5.11b Beëindiging facturatie Maatwerkvoorziening
Bij beëindiging van een Maatwerkvoorziening ligt het voor de hand om de
opdrachtgever (ISD Bollenstreek/gemeente Katwijk) zo snel mogelijk op de
hoogte te stellen van de beëindiging. Een termijn van uiterlijk 2 werkdagen
lijkt ons redelijk. Een termijn van 2 weken vinden wij niet acceptabel.
Indicatieduur
Bepaling 2.6 geeft aan dat de doorlooptijd van de Begeleiding beperkt is en
dat het Besluit daarover een termijn geeft. Het is aan de opdrachtgever (ISD
Bollenstreek/gemeente Katwijk) om op basis van het verrichte onderzoek en
het daaruit voortvloeiende Arrangement een (weloverwogen) Besluit te
nemen, inclusief de termijnstelling voor een eventuele Maatwerkvoorziening
Begeleiding. Opdrachtgever neemt dit Besluit vanuit de verantwoordelijkheid
die de Wmo 2015 bij hem neerlegt, te weten ‘zorg dragen voor de
maatschappelijke ondersteuning, inclusief de kwaliteit en de continuiteit’
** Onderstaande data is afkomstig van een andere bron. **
(* For every $\omega\in\{0,1\}^n$, the stabilization time of $\omega$ equals $\mathrm{Depth}(Y(\omega))$.
   Context: $\mathbb N=\{1,2,\dots\}$. A Young diagram is a finite down-closed set $Y\subseteq\mathbb N\times\mathbb N$ (i.e. $(i,j)\in Y$, $i'\le i$, $j'\le j$ imply $(i',j')\in Y$). For $\omega\in\{0,1\}^n$ with $U$ ones, $Y(\omega)=\{(i,j)\in\mathbb N\times\mathbb N: i\le n-U,\ j\le\text{the number of 1's of }\omega\text{ after the }i\text{-th 0 of }\omega\}$. For nonempty $Y$, $\mathrm{Depth}(Y)=\max\{i+j-1:(i,j)\in Y\}$; $\mathrm{Depth}(\emptyset)=0$. One step of the evolution replaces simultaneously every occurrence of the consecutive substring "01" by "10"; the stabilization time is the number of steps needed to reach a string of the form $1\cdots10\cdots0$. *)

theory Defs
  imports Main
begin

text \<open>Binary strings \<omega> \<in> {0,1}^n are modelled as bool lists: True = 1, False = 0.\<close>

text \<open>One step: simultaneously replace every occurrence of 01 by 10.
  Occurrences of 01 never overlap, so a left-to-right scan realises it.\<close>
fun evo_step :: "bool list \<Rightarrow> bool list" where
  "evo_step (False # True # xs) = True # False # evo_step xs"
| "evo_step (x # xs) = x # evo_step xs"
| "evo_step [] = []"

definition is_stable :: "bool list \<Rightarrow> bool" where
  "is_stable w \<longleftrightarrow> (\<exists>a b. w = replicate a True @ replicate b False)"

definition stab_time :: "bool list \<Rightarrow> nat" where
  "stab_time w = (LEAST k. is_stable ((evo_step ^^ k) w))"

definition num_ones :: "bool list \<Rightarrow> nat" where
  "num_ones w = length (filter id w)"

text \<open>Number of 1's of w lying after the i-th 0 of w (positions p holding a 1
  with at least i zeros strictly before p).\<close>
definition ones_after_zero :: "bool list \<Rightarrow> nat \<Rightarrow> nat" where
  "ones_after_zero w i =
     card {p. p < length w \<and> w ! p \<and> i \<le> card {q. q < p \<and> \<not> w ! q}}"

definition young_of :: "bool list \<Rightarrow> (nat \<times> nat) set" where
  "young_of w = {(i, j). 1 \<le> i \<and> i \<le> length w - num_ones w \<and>
                         1 \<le> j \<and> j \<le> ones_after_zero w i}"

definition Depth :: "(nat \<times> nat) set \<Rightarrow> nat" where
  "Depth Y = (if Y = {} then 0 else Max ((\<lambda>(i, j). i + j - 1) ` Y))"

end

theory Submission
  imports Defs
begin

(* Cut the word w between positions m-1 and m and give the cut the
   weight  cut_weight w m = (#0's left of the cut) + (#1's right of the cut).
   A cut is proper if both counts are positive.  One evolution step moves every
   "01" to "10" and hence lowers the weight of a cut by 2 if it sits inside a
   "01" (an ascent) and leaves it unchanged otherwise.  A cut of maximal weight
   is always an ascent, and its two neighbours have weight one less and survive
   the step unchanged.  Consequently "all proper cuts have weight <= k + 1"
   holds after one step iff "all proper cuts have weight <= k + 2" held before
   (weights_bounded_evo_step).  Since w is stable iff it has no proper cut, w
   is stable after k steps iff all its proper cuts weigh <= k + 1.
   Finally, the corners (#0's left, #1's right) of proper cuts are cells of the
   Young diagram Y(w) dominating every other cell, so Depth (Y w) <= k holds
   under the very same condition; the theorem compares the two least k. *)

lemma evo_step_length [simp]: "length (evo_step w) = length w"
  by (induction w rule: evo_step.induct) auto

lemma evo_step_append:
  assumes "\<not> (xs \<noteq> [] \<and> ys \<noteq> [] \<and> \<not> last xs \<and> hd ys)"
  shows "evo_step (xs @ ys) = evo_step xs @ evo_step ys"
  using assms
  apply (induction xs rule: evo_step.induct)
    apply (auto split: if_splits)
  subgoal for x by (cases ys; cases x) auto
  done

definition num_zeros :: "bool list \<Rightarrow> nat" where
  "num_zeros w = length (filter Not w)"

lemma num_zeros_simps [simp]:
  "num_zeros [] = 0"
  "num_zeros (x # xs) = (if x then 0 else 1) + num_zeros xs"
  "num_zeros (xs @ ys) = num_zeros xs + num_zeros ys"
  by (auto simp: num_zeros_def)

lemma num_ones_simps [simp]:
  "num_ones [] = 0"
  "num_ones (x # xs) = (if x then 1 else 0) + num_ones xs"
  "num_ones (xs @ ys) = num_ones xs + num_ones ys"
  by (auto simp: num_ones_def)

lemma num_zeros_evo_step [simp]: "num_zeros (evo_step w) = num_zeros w"
  and num_ones_evo_step [simp]: "num_ones (evo_step w) = num_ones w"
  by (induction w rule: evo_step.induct) auto

lemma num_zeros_take_Suc:
  "m < length w \<Longrightarrow> num_zeros (take (Suc m) w) = num_zeros (take m w) + (if w ! m then 0 else 1)"
  by (simp add: take_Suc_conv_app_nth)

lemma num_ones_drop:
  "m < length w \<Longrightarrow> num_ones (drop m w) = num_ones (drop (Suc m) w) + (if w ! m then 1 else 0)"
  by (simp add: Cons_nth_drop_Suc[symmetric])

definition cut_weight :: "bool list \<Rightarrow> nat \<Rightarrow> nat" where
  "cut_weight w m = num_zeros (take m w) + num_ones (drop m w)"

definition proper_cut :: "bool list \<Rightarrow> nat \<Rightarrow> bool" where
  "proper_cut w m \<longleftrightarrow> 0 < num_zeros (take m w) \<and> 0 < num_ones (drop m w)"

definition ascent_at :: "bool list \<Rightarrow> nat \<Rightarrow> bool" where
  "ascent_at w m \<longleftrightarrow> 0 < m \<and> m < length w \<and> \<not> w ! (m - 1) \<and> w ! m"

lemma proper_cut_less_length: "proper_cut w m \<Longrightarrow> m < length w"
  by (cases "m < length w") (auto simp: proper_cut_def)

lemma proper_cut_weight: "proper_cut w m \<Longrightarrow> 2 \<le> cut_weight w m"
  by (simp add: proper_cut_def cut_weight_def)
(daarvan)' (artikel 2.1.1 Wmo 2015). Mocht de doorlooptijd volgens
Aanbieder niet correct zijn, dan staat het Aanbieder uiteraard alijd vrij om dit
eventueel kenbaar te maken bij opdrachtgever.
Niet verschijnen klant
In deze verwijzen wij naar bepaling 5.11 onder b. en c. van het nieuwe
concept. Hiermee proberen wij te voorzien in (hopelijk ´incidentele´) gevallen
waarbij klanten eventueel niet aan hun verplichtingen voldoen. Het is zaak om
als Aanbieder en opdrachtgever, via de ‘signaalfunctie’ van de definitieve dan
wel tijdelijke beëindiging van de Maatwerkvoorziening, gezamenlijk in beeld
te hebben wat door de betreffende klant de beste aanpak is. Verlenging van
de doorlooptijd in combinatie met tijdelijke ‘bevriezing’ van de facturatiemogelijkheid zou daarbij een van de opties kunnen zijn. Dit zal dus in onze
ogen ad hoc praktisch en pragmatisch opgelost moeten (kunnen) worden.